Тетя Элла, которой я написала о своем решении отправиться на фронт, одобрила его и сообщила о своем намерении приехать в Петербург проститься со мной. Все знакомые были столь доброжелательно настроены ко мне, что я почти стыдилась этого внимания. Мне казалось, что в том, чем я намерена заниматься, нет ничего необычного, а то, что это связано с определенным риском для жизни, вполне в порядке вещей в условиях войны. Тут не было самопожертвования, в сущности, я не жертвовала ничем: не было у меня ни дома, ни семьи, ни каких-либо обязанностей или привязанностей, ничто меня не удерживало. Наоборот, я видела в этом появившуюся возможность принести пользу, заняться делом, которое мне было по душе, приложить к нему свою энергию. Жизнь призывала меня к действию, мне не на что было жаловаться.
Мой багаж был скромным: несколько серых форменных платьев, белые косынки, которым мы покрывали голову, передники, белые медицинские халаты, хлопковое нижнее белье и хлопчатобумажные чулки - все сложено в небольшой чемодан. Раскладная кровать, резиновая ванна и несколько маленьких резиновых тазиков для умывания дополняли мое походное снаряжение.
В день моего отъезда приехала, как и обещала, тетя Элла. В то утро я впервые надела на себя форменную одежду; помню, в каком смущении я вышла на улицу.

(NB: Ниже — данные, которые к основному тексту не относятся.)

lemma shape_bound_if_has_increasing:
  assumes "has_increasing n \<pi> k" "2 \<le> k"
  shows "\<exists>i\<in>{1..n}. k + i + shape i \<le> n + 1"
proof -
  obtain S where S: "S \<subseteq> {1..n}" "card S = k" and inc: "strict_mono_on S \<pi>"
    using assms(1) unfolding has_increasing_def by blast
  have fin: "finite S" using S(1) finite_subset by blast
  have "2 \<le> card S" using S(2) assms(2) by simp
  then obtain p1 p2 where p: "p1 \<in> S" "p2 \<in> S" "p1 < p2"
    and least: "\<forall>r\<in>S - {p1}. p2 \<le> r" "\<forall>r\<in>S. p1 \<le> r"
    by (rule obtain_two_least[OF fin])
  define i where "i = p2 - 1"
  have p_range: "p1 \<in> {1..n}" "p2 \<in> {1..n}" using S(1) p by auto
  then have i: "1 \<le> i" "i < n" "p1 \<le> i" "p2 = Suc i"
    using p(3) unfolding i_def by auto
  have "\<forall>r\<in>S - {p1}. i < r" using least(1) i(4) by (simp add: Suc_le_eq)
  then have "card (S - {p1}) + i + pmin i \<le> n + 1"
    using i by (intro card_increasing_after_pmin[OF inc S(1) p(1)]) auto
  moreover have "card (S - {p1} - {p2}) + Suc i + pmin2 (Suc i) \<le> n + 2"
  proof (rule card_increasing_after_pmin2)
    show "strict_mono_on (S - {p1}) \<pi>" using inc by (rule monotone_on_subset) blast
    have "pmin (Suc i) \<le> \<pi> p1" using pmin_le[of p1 "Suc i"] i p_range(1) by simp
    then show "\<pi> p2 \<noteq> pmin (Suc i)" using strict_mono_onD[OF inc p] by simp
    show "\<forall>r\<in>S - {p1} - {p2}. Suc i < r" using least(1) i(4) by (auto simp: le_less)
  qed (use S(1) p i in auto)
  moreover have "card (S - {p1}) = k - 1" "card (S - {p1} - {p2}) = k - 2"
    using S(2) p fin by (simp_all add: card_Diff_subset)
  moreover have "shape i = max (pmin i) (pmin2 (Suc i) - 1) - 1"
    using i(2) by (simp add: shape_def)
  ultimately have "k + i + shape i \<le> n + 1"
    using assms(2) pmin_pos[OF i(1)] by (simp add: max_def) arith
  then show ?thesis using i by auto
qed

end

locale schroeder_perm = nat_perm +
  assumes schroeder: "schroeder n \<pi>"
begin

lemma schroeder_exceeds_between:
  assumes "1 \<le> a" "a < b" "b < q" "q < r" "r \<le> n" "\<pi> a < \<pi> r" "\<pi> b < \<pi> r"
  shows "\<pi> q < \<pi> r"
proof (rule ccontr)
  assume "\<not> \<pi> q < \<pi> r"
  moreover have "\<pi> q \<noteq> \<pi> r" using perm_inj assms by auto
  ultimately have qr: "\<pi> r < \<pi> q" by simp
  have ab: "\<pi> a \<noteq> \<pi> b" using perm_inj assms by auto
  show False
  proof (cases "\<pi> a < \<pi> b")
    case True
    have "contains_pattern n \<pi> [1,2,4,3]"
      by (rule contains_pattern_4I[OF assms(1-5)])
        (use True qr assms(6,7) in \<open>auto simp: less_4_iff\<close>)
    then show False using schroeder unfolding schroeder_def avoids_def by blast
  next
    case False
    then have "\<pi> b < \<pi> a" using ab by simp
    have "contains_pattern n \<pi> [2,1,4,3]"
      by (rule contains_pattern_4I[OF assms(1-5)])
        (use \<open>\<pi> b < \<pi> a\<close> qr assms(6,7) in \<open>auto simp: less_4_iff\<close>)
    then show False using schroeder unfolding schroeder_def avoids_def by blast
  qed
qed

После завтрака тетя повезла меня в часовню домика Петра Великого, где находилась очень почитаемая икона Спасителя. Пока мы были там, лакей, должно быть, сказал прохожим, кто мы такие, и когда мы вышли, то оказались в окружении толпы. То были самые простые люди, очень взволнованные. Многие женщины плакали, те, кто оказались ближе, к моему большому смущению, стремились дотронуться до моей одежды, хватали мои руки и целовали их.
«Ох, дорогая наша, и ты тоже отправляешься на войну. Благослови тебя Бог», - запричитала одна старушка. Другие в слезах присоединились к ней с добрыми пожеланиями: «Спасибо тебе... Будешь заботиться о наших солдатах... Бог в помощь!.. Спаси и сохрани тебя Господь... Дай нам силы, Боже, одолеть врага!..» А одна бедная старая женщина умоляла мою тетю разузнать что-нибудь о судьбе ее сына.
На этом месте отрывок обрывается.